Frank Schaeffer has rejected the teachings of his father but I don't know if this rejection is intellectually motivated or an emotionally motivated rejection of something because of hurt he feels about his father.

And, of course, no one believes (other than skeptics) that Christians will be perfect when they are truly saved. Schaeffer had flaws, but then every Christian has flaws. Thus, for Mr. Babinski to point to Frank's noting of some failures of his father doesn't surprise me much.

I certainly welcome anyone to read his book. I will probably read it as well, but I will not read it uncritically.

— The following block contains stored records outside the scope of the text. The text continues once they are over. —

(* Let $n\geqslant1$. Every rainbow on $\{0,\dots,n\}$ of maximal size (among all rainbows on $\{0,\dots,n\}$) has exactly $\lfloor\frac{n+1}{2}\rfloor$ arcs.
   Context: An arc is a pair $\underline{x}\to\underline{y}$ of integers $0\leqslant x<y\leqslant n$, with weight $\binom{n}{x,\,y-x,\,n-y}=\frac{n!}{x!(y-x)!(n-y)!}$ (this is the number of subgroup inclusions $H\leqslant K$ in $C_{p_1\cdots p_n}$, $p_i$ distinct primes, with $|H|$ a product of $x$ of the primes and $|K|$ a product of $y$ of them). A rainbow on $\{0,\dots,n\}$ is a set of arcs $\{\underline{x_i}\to\underline{y_i}\}_{0\leqslant i\leqslant m}$ with $x_0<x_1<\dots<x_m<y_m<\dots<y_0$; its size is the sum of the weights of its arcs. *)

theory Defs
  imports Main
begin

definition arc_weight :: "nat \<Rightarrow> nat \<times> nat \<Rightarrow> nat" where
  "arc_weight n a = fact n div (fact (fst a) * fact (snd a - fst a) * fact (n - snd a))"

text \<open>A rainbow on {0..n}: a nonempty finite set of arcs x_0 -> y_0, ..., x_m -> y_m with
  x_0 < ... < x_m < y_m < ... < y_0, i.e. any two distinct arcs are strictly nested.\<close>

definition is_arc :: "nat \<Rightarrow> nat \<times> nat \<Rightarrow> bool" where
  "is_arc n a \<longleftrightarrow> fst a < snd a \<and> snd a \<le> n"

definition rainbow :: "nat \<Rightarrow> (nat \<times> nat) set \<Rightarrow> bool" where
  "rainbow n R \<longleftrightarrow> finite R \<and> R \<noteq> {} \<and> (\<forall>a\<in>R. is_arc n a) \<and>
     (\<forall>a\<in>R. \<forall>b\<in>R. a \<noteq> b \<longrightarrow>
        (fst a < fst b \<and> snd b < snd a) \<or> (fst b < fst a \<and> snd a < snd b))"

definition rainbow_size :: "nat \<Rightarrow> (nat \<times> nat) set \<Rightarrow> nat" where
  "rainbow_size n R = (\<Sum>a\<in>R. arc_weight n a)"

end

theory Submission
  imports Defs "HOL.Binomial_Plus"
begin

(* Writing d = x + (n - y), the weight of the arc x -> y is C(n,d) C(d,x), which is at most
   c(d) = C(n,d) C(d, d div 2), with equality for the centred arc d div 2 -> n - (d - d div 2).
   The values of d on a rainbow form a subset of {0..n-1} whose elements differ by at least 2,
   and every such set comes from a rainbow of centred arcs. So maximal rainbows correspond to
   such sets maximising the sum of c, a unimodal sequence. A set with fewer than (n+1)/2
   elements can be moved towards the mode of c onto a progression t, t+2, ... without decreasing
   the sum, and the progression can then be extended by a term of positive weight, unless
   n = 2k+1 and it is 1, 3, ..., 2k-1. In that case 0, 2, ..., 2k is better: the sums of c
   over even and over odd d are the coefficients of x^0 and x^1 in (1 + x + 1/x)^n, and these
   trinomial coefficients decrease away from the centre. *)

lemma arc_weight_eq:
  assumes "x \<le> y" "y \<le> n"
  shows "arc_weight n (x, y) = (n choose (x + (n - y))) * ((x + (n - y)) choose x)"
proof -
  define s where "s = x + (n - y)"
  have s: "s \<le> n" "x \<le> s" "s - x = n - y" "n - s = y - x"
    using assms by (auto simp: s_def)
  have "fact n = fact s * fact (n - s) * (n choose s)"
    using binomial_fact_lemma[OF s(1)] by simp
  also have "fact s = fact x * fact (s - x) * (s choose x)"
    using binomial_fact_lemma[OF s(2)] by simp
  finally have "fact n = (fact x * fact (y - x) * fact (n - y)) * ((n choose s) * (s choose x))"
    using s by (simp add: algebra_simps)
  then show ?thesis
    unfolding arc_weight_def s_def[symmetric] by simp
qed
(* Let $\bm G\in\{0,1\}^{n\times k}$ be a partition indicator matrix, $\bm\Omega\in[0,1]^{k\times k}$ symmetric, $\bm n_g=\bm G^\top\bm1$, $\bm N_g=\operatorname{diag}(\bm n_g)=\bm G^\top\bm G$, and assume all entries of $\bm\Omega\bm n_g$ are positive. Define the normalized affinity matrix $$\bm\Gamma=\bm N_g^{1/2}\operatorname{diag}(\bm\Omega\bm n_g)^{-1/2}\,\bm\Omega\,\operatorname{diag}(\bm\Omega\bm n_g)^{-1/2}\bm N_g^{1/2},$$ and let $\bm{\mathcal L}=\operatorname{diag}(\bm{\mathcal A}\bm1)^{-1/2}\bm{\mathcal A}\operatorname{diag}(\bm{\mathcal A}\bm1)^{-1/2}$ with $\bm{\mathcal A}=\bm G\bm\Omega\bm G^\top$. If $\bm u_i$ is an eigenvector of $\bm\Gamma$ with eigenvalue $\lambda_i$, then $\bm v_i=\bm G\bm N_g^{-1/2}\bm u_i$ is an eigenvector of $\bm{\mathcal L}$ with the same eigenvalue $\lambda_i$.
   Context: A partition indicator matrix $\bm G$ has exactly one entry $1$ in each row and each column nonzero ($G_{ij}=1$ iff node $i$ is in group $j$). $\bm1$ is the all-ones vector and $\operatorname{diag}(\bm x)$ the diagonal matrix with diagonal $\bm x$. *)

theory Defs
  imports "HOL-Analysis.Analysis"
begin

definition diagm :: "real^'n \<Rightarrow> real^'n^'n" where
  "diagm x = (\<chi> i j. if i = j then x $ i else 0)"

definition partition_indicator :: "real^'k^'n \<Rightarrow> bool" where
  "partition_indicator G \<longleftrightarrow>
     (\<forall>i j. G $ i $ j = 0 \<or> G $ i $ j = 1) \<and>
     (\<forall>i. \<exists>!j. G $ i $ j = 1) \<and>
     (\<forall>j. \<exists>i. G $ i $ j \<noteq> 0)"

definition vec_sqrt :: "real^'n \<Rightarrow> real^'n" where
  "vec_sqrt x = (\<chi> i. sqrt (x $ i))"

definition vec_inv_sqrt :: "real^'n \<Rightarrow> real^'n" where
  "vec_inv_sqrt x = (\<chi> i. inverse (sqrt (x $ i)))"

definition ones :: "real^'n" where "ones = (\<chi> i. 1)"

definition is_eigenpair :: "real^'n^'n \<Rightarrow> real \<Rightarrow> real^'n \<Rightarrow> bool" where
  "is_eigenpair M lam v \<longleftrightarrow> v \<noteq> 0 \<and> M *v v = lam *\<^sub>R v"

end

theory Submission
  imports Defs
begin

text \<open>Since every node lies in exactly one group, \<open>G\<^sup>T G = N\<^sub>g\<close>, and multiplication by \<open>G\<close>
  only copies group values to the nodes, so it commutes with componentwise operations. Hence
  \<open>\<A>\<one> = G \<Omega> n\<^sub>g\<close>, the degree normalisation of \<open>\<L>\<close> is \<open>G\<close> applied to that of \<open>\<Gamma>\<close>, and
  \<open>\<L> G N\<^sub>g\<^bsup>-1/2\<^esup> = G N\<^sub>g\<^bsup>-1/2\<^esup> \<Gamma>\<close>. As \<open>G N\<^sub>g\<^bsup>-1/2\<^esup>\<close> is injective, it maps
  eigenvectors of \<open>\<Gamma>\<close> to eigenvectors of \<open>\<L>\<close>.\<close>

lemma vec_inv_sqrt_times_vec_sqrt:
  assumes "\<And>i. 0 < x $ i"
  shows "vec_inv_sqrt x * vec_sqrt x = 1"
proof -
  have "sqrt (x $ i) \<noteq> 0" for i
    using assms[of i] by simp
  then show ?thesis
    by (simp add: vec_eq_iff vec_sqrt_def vec_inv_sqrt_def)
qed

lemma times_vec_inv_sqrt:
  assumes "\<And>i. 0 < x $ i"
  shows "x * vec_inv_sqrt x = vec_sqrt x"
  using assms by (simp add: vec_eq_iff vec_sqrt_def vec_inv_sqrt_def)
    (metis divide_inverse less_imp_le real_div_sqrt)

lemma diagm_mult_vec: "diagm x *v y = x * y"
proof -
  have "(\<Sum>j\<in>UNIV. (if i = j then x $ i else 0) * y $ j) = x $ i * y $ i" for i
    by (simp add: if_distrib[where f="\<lambda>a. a * _"] cong: if_cong)
  then show ?thesis by (simp add: diagm_def matrix_vector_mult_def vec_eq_iff)
qed

lemma is_eigenpair_intertwine:
  assumes "\<And>x. L *v (P *v x) = P *v (M *v x)"
    and "\<And>x. P *v x = 0 \<Longrightarrow> x = 0"
    and "is_eigenpair M lam u"
  shows "is_eigenpair L lam (P *v u)"
  using assms unfolding is_eigenpair_def by (metis matrix_vector_mult_scaleR)

definition partition_group :: "real^'k^'n \<Rightarrow> 'n \<Rightarrow> 'k" where
  "partition_group G i = (THE j. G $ i $ j = 1)"

lemma partition_indicator_entry:
  assumes "partition_indicator G"
  shows "G $ i $ j = (if j = partition_group G i then 1 else 0)"
proof -
  have unique: "\<exists>!j. G $ i $ j = 1"
    using assms unfolding partition_indicator_def by blast
  then have "G $ i $ partition_group G i = 1"
    unfolding partition_group_def by (rule theI')
  with unique assms show ?thesis
    unfolding partition_indicator_def by metis
qed

lemma partition_indicator_mult_vec:
  assumes "partition_indicator G"
  shows "(G *v x) $ i = x $ partition_group G i"
  by (simp add: matrix_vector_mult_def partition_indicator_entry[OF assms]
      if_distrib[where f="\<lambda>a. a * _"] cong: if_cong)

lemma partition_indicator_mult_vec_times:
  assumes "partition_indicator G"
  shows "(G *v x) * (G *v y) = G *v (x * y)"
  by (simp add: vec_eq_iff partition_indicator_mult_vec[OF assms])

lemma partition_indicator_vec_inv_sqrt:
  assumes "partition_indicator G"
  shows "vec_inv_sqrt (G *v x) = G *v vec_inv_sqrt x"
  by (simp add: vec_eq_iff vec_inv_sqrt_def partition_indicator_mult_vec[OF assms])

lemma partition_indicator_gram:
  assumes "partition_indicator G"
  shows "transpose G *v (G *v x) = (transpose G *v ones) * x"
proof (subst vec_eq_iff, intro allI)
  fix j
  have "(transpose G *v y) $ j = (\<Sum>i\<in>UNIV. G $ i $ j * y $ i)" for y
    by (simp add: matrix_vector_mult_def transpose_def mult.commute)
  then have "(transpose G *v (G *v x)) $ j = (\<Sum>i\<in>UNIV. G $ i $ j * x $ partition_group G i)"
    by (simp only: partition_indicator_mult_vec[OF assms])
  also have "\<dots> = (\<Sum>i\<in>UNIV. G $ i $ j * x $ j)"
    by (rule sum.cong) (simp_all add: partition_indicator_entry[OF assms])
  also have "\<dots> = ((transpose G *v ones) * x) $ j"
    by (simp add: matrix_vector_mult_def transpose_def ones_def sum_distrib_right)
  finally show "(transpose G *v (G *v x)) $ j = ((transpose G *v ones) * x) $ j" .
qed

lemma partition_indicator_group_size_pos:
  assumes "partition_indicator G"
  shows "(transpose G *v ones) $ j > 0"
proof -
  obtain i where "G $ i $ j \<noteq> 0"
    using assms unfolding partition_indicator_def by blast
  moreover have "\<forall>i. 0 \<le> G $ i $ j"
    using assms unfolding partition_indicator_def by (metis order_refl zero_le_one)
  ultimately have "0 < (\<Sum>i\<in>UNIV. G $ i $ j)"
    by (metis UNIV_I finite order_le_neq_trans sum_pos2)
  then show ?thesis
    by (simp add: matrix_vector_mult_def transpose_def ones_def)
qed

lemma partition_indicator_mult_vec_eq_0:
  assumes "partition_indicator G" and "G *v x = 0"
  shows "x = 0"
proof (subst vec_eq_iff, intro allI)
  fix j
  obtain i where "G $ i $ j \<noteq> 0"
    using assms(1) unfolding partition_indicator_def by blast
  then have "partition_group G i = j"
    by (metis partition_indicator_entry[OF assms(1)])
  then show "x $ j = 0 $ j"
    using arg_cong[OF assms(2), of "\<lambda>v. v $ i"]
    by (simp add: partition_indicator_mult_vec[OF assms(1)])
qed

lemma partition_indicator_normalized_intertwine:
  fixes G :: "real^'k^'n"
  assumes "partition_indicator G"
  defines "n \<equiv> transpose G *v ones"
  shows "(diagm (G *v e) ** (G ** \<Omega> ** transpose G) ** diagm (G *v e))
           *v ((G ** diagm (vec_inv_sqrt n)) *v x)
         = (G ** diagm (vec_inv_sqrt n))
           *v ((diagm (vec_sqrt n) ** diagm e ** \<Omega> ** diagm e ** diagm (vec_sqrt n)) *v x)"
proof -
  have n_pos: "\<And>j. 0 < n $ j"
    unfolding n_def by (rule partition_indicator_group_size_pos[OF assms(1)])
  have "n * (e * (vec_inv_sqrt n * x)) = e * (vec_sqrt n * x)"
    using times_vec_inv_sqrt[OF n_pos] by (metis mult.left_commute mult.assoc)
  moreover have "vec_inv_sqrt n * (vec_sqrt n * y) = y" for y :: "real^'k"
    using vec_inv_sqrt_times_vec_sqrt[OF n_pos] by (simp add: mult.assoc[symmetric])
  ultimately show ?thesis
    by (simp add: matrix_vector_mul_assoc[symmetric] diagm_mult_vec n_def
        partition_indicator_mult_vec_times[OF assms(1)] partition_indicator_gram[OF assms(1)]
        del: transpose_matrix_vector)
qed

lemma partition_indicator_normalized_mult_vec_eq_0:
  assumes "partition_indicator G"
    and "(G ** diagm (vec_inv_sqrt (transpose G *v ones))) *v x = 0"
  shows "x = 0"
proof -
  have "vec_inv_sqrt (transpose G *v ones) * x = 0"
    using partition_indicator_mult_vec_eq_0[OF assms(1)] assms(2)
    by (simp add: matrix_vector_mul_assoc[symmetric] diagm_mult_vec del: transpose_matrix_vector)
  moreover have "vec_inv_sqrt (transpose G *v ones) $ j \<noteq> 0" for j
    using partition_indicator_group_size_pos[OF assms(1), of j]
    by (simp add: vec_inv_sqrt_def del: transpose_matrix_vector)
  ultimately show ?thesis
    by (simp add: vec_eq_iff)
qed

theorem lemmaA2:
  fixes G :: "real^'k^'n" and \<Omega> :: "real^'k^'k" and u :: "real^'k" and lam :: real
  assumes "partition_indicator G"
    and "\<forall>a b. 0 \<le> \<Omega> $ a $ b \<and> \<Omega> $ a $ b \<le> 1"
    and "transpose \<Omega> = \<Omega>"
    and "\<forall>a. (\<Omega> *v (transpose G *v ones)) $ a > 0"
    and "is_eigenpair
           (diagm (vec_sqrt (transpose G *v ones))
            ** diagm (vec_inv_sqrt (\<Omega> *v (transpose G *v ones)))
            ** \<Omega>
            ** diagm (vec_inv_sqrt (\<Omega> *v (transpose G *v ones)))
            ** diagm (vec_sqrt (transpose G *v ones))) lam u"
  shows "is_eigenpair
           (diagm (vec_inv_sqrt ((G ** \<Omega> ** transpose G) *v ones))
            ** (G ** \<Omega> ** transpose G)
            ** diagm (vec_inv_sqrt ((G ** \<Omega> ** transpose G) *v ones)))
           lam (G *v (diagm (vec_inv_sqrt (transpose G *v ones)) *v u))"
proof -
  define e where "e = vec_inv_sqrt (\<Omega> *v (transpose G *v ones))"
  have "(G ** \<Omega> ** transpose G) *v ones = G *v (\<Omega> *v (transpose G *v ones))"
    by (simp only: matrix_vector_mul_assoc matrix_mul_assoc)
  then have degree: "vec_inv_sqrt ((G ** \<Omega> ** transpose G) *v ones) = G *v e"
    by (simp only: e_def partition_indicator_vec_inv_sqrt[OF assms(1)])
  have "is_eigenpair (diagm (G *v e) ** (G ** \<Omega> ** transpose G) ** diagm (G *v e))
      lam ((G ** diagm (vec_inv_sqrt (transpose G *v ones))) *v u)"
    unfolding e_def
    by (rule is_eigenpair_intertwine[OF partition_indicator_normalized_intertwine[OF assms(1)]
        partition_indicator_normalized_mult_vec_eq_0[OF assms(1)] assms(5)])
  then show ?thesis
    by (simp only: degree matrix_vector_mul_assoc)
qed

end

Rather, I will read the writings of a man who appears to have been hurt because his father had priorities that kept him from devoting his full attention to his son. I will read it to see what insight can be gained from his experience. But I won't read it with the expectation that it will reveal some deep truth about evangelicals and how they are seeking to somehow destroy America. That's simply Frank emoting.
Edwardtbabinski said…
"That's simply Frank emoting." (?)

According to studies mentioned in a Christianity Today article, most converts to Evangelical Christianity appear to also be "simply emoting."

In the late 1800s, Edwin Starbuck conducted ground-breaking studies on conversion to Christianity [Evangelical only? -- E.T.B.]. Ever since then, scholars, attempting either to verify or disprove his findings, have
repeatedly demonstrated them to be accurate. Most observers agree that
what Starbuck observed is to a large extent still valid. From these studies we learn two significant things: the age at which conversion to Christianity most often occurs, and the motivational factors involved in conversion. Starbuck noted that the average age of a person experiencing a religious conversion was 15.6 years. Other studies have produced similar results; as recently as 1979, Virgil Gillespie wrote that the average age of conversion in America is 16 years. Starbuck listed eight primary motivating factors: (1) fears, (2) other self-regarding motives, (3) altruistic motives, (4) following out a moral ideal, (5) remorse for and conviction of sin, (6) response to teaching, (7) example and imitation, and (8) urging and social pressure. Recent studies reveal that people still become Christians mainly for these same reasons. What conclusions can be drawn from this information? First, the average age of conversion is quite young. Postadolescent persons do not seem to find Christianity as attractive as do persons in their teens. Indeed, for every year the non-Christian grows older than 25, the odds increase exponentially against his or her ever becoming a Christian.
http://www.christianitytoday.com/ct/2002/100/32.0.html
BK said…
Edward,

The idea that people come to God because of the reasons that those studies describe is not the least bit surprising. The idea that people need to come to Jesus as a child suggests that people who think themselves wise are much less likely to come to Jesus. However, it is also clear that some people do come to Jesus intellectually even if that is an admitted minority of all converts.

And, of course, Franky Schaeffer hasn't abandoned Christianity at all, but is now (I recollect) Easter Orthodox. He merely abandoned the evangelical stream of Christianity that his father tried to live (albeit imperfectly) and to which his father reasoned (according to his writings). Consequently, Franky Schaeffer is not some type of proof that religion or Christianity as a whole is evil. Nor is he proof that his father, Francis, was wrong. Your original comment was simply the typical ad hominem which tried to make discount Schaeffer's teachings on the basis of his son who has, for reasons of his own, chosen a different approach to Jesus.

And if you want to claim that recognizing one's own guilt or the desire to follow a moral idea or the desire to act altruistically are all merely emoting, then it seems to me that you don't understand the role of the intellect in these matters.